§ **TASK ITEM**: Your output should be the entries below, from the first line up to and including the line with "using assms by", reproduced exactly and with no other lines.

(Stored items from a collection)
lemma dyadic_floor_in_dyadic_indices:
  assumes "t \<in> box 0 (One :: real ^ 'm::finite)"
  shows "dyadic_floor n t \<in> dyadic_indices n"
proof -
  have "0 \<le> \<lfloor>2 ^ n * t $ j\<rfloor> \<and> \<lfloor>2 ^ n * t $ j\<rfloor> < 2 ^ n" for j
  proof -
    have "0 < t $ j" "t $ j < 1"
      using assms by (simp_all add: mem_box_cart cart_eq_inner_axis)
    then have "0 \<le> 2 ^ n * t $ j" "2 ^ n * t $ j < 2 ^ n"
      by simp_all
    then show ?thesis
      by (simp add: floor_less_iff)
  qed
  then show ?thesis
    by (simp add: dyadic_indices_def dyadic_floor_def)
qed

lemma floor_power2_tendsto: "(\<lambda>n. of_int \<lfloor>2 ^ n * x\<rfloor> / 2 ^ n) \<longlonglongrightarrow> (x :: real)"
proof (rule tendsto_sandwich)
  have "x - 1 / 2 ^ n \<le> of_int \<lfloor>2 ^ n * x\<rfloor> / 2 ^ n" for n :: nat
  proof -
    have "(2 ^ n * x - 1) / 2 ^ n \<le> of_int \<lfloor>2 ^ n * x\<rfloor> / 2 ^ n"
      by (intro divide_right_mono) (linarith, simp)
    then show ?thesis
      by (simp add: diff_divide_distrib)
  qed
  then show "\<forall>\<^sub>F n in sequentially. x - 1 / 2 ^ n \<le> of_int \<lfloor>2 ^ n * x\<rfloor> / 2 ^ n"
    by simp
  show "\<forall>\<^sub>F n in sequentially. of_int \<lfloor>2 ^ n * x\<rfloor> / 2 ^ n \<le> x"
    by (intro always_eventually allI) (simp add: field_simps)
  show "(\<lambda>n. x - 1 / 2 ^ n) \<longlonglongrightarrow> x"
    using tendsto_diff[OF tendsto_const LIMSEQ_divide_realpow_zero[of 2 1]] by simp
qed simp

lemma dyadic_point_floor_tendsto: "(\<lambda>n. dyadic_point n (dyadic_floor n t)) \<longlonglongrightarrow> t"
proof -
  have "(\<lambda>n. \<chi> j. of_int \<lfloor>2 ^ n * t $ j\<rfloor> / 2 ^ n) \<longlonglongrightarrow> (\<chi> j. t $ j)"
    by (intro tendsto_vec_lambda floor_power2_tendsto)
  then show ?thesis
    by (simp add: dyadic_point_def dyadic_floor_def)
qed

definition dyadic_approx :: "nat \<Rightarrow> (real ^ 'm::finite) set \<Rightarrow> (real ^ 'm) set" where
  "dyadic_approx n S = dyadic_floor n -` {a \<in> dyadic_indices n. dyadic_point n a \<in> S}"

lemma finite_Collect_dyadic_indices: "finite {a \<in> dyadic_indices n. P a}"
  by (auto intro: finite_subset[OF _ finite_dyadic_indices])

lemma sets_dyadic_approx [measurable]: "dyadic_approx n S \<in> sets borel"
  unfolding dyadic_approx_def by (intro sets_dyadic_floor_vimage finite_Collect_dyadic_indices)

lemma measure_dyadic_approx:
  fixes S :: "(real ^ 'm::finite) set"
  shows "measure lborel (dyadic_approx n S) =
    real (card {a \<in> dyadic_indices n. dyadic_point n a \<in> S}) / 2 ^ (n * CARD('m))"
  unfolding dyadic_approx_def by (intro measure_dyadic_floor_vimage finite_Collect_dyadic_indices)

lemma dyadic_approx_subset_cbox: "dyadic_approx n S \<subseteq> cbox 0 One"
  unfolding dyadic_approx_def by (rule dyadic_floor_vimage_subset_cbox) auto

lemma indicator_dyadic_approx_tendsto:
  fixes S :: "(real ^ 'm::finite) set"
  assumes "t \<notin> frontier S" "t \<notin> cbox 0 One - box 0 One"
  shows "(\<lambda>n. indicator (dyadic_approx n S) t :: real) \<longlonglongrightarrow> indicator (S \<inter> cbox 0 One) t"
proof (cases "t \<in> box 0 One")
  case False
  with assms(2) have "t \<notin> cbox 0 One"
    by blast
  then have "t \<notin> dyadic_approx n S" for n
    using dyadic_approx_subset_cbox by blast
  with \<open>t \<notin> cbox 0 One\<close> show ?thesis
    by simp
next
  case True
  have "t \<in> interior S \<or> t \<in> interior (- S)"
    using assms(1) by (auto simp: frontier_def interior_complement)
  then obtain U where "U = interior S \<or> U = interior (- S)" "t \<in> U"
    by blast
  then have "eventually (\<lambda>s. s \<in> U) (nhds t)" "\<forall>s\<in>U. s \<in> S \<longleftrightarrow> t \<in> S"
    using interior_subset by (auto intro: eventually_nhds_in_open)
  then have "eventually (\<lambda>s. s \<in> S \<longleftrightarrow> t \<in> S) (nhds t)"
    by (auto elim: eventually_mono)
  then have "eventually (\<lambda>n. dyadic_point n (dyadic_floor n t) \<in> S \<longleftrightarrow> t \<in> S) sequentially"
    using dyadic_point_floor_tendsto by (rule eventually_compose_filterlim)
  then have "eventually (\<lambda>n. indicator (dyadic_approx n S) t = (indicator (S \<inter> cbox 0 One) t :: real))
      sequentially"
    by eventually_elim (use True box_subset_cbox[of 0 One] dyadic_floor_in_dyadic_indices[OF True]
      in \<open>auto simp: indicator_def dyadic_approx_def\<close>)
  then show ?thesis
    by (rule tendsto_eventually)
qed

§ **ANSWER SECTION**:
lemma dyadic_floor_in_dyadic_indices:
  assumes "t \<in> box 0 (One :: real ^ 'm::finite)"
  shows "dyadic_floor n t \<in> dyadic_indices n"
proof -
  have "0 \<le> \<lfloor>2 ^ n * t $ j\<rfloor> \<and> \<lfloor>2 ^ n * t $ j\<rfloor> < 2 ^ n" for j
  proof -
    have "0 < t $ j" "t $ j < 1"
      using assms by (simp_all add: mem_box_cart cart_eq_inner_axis)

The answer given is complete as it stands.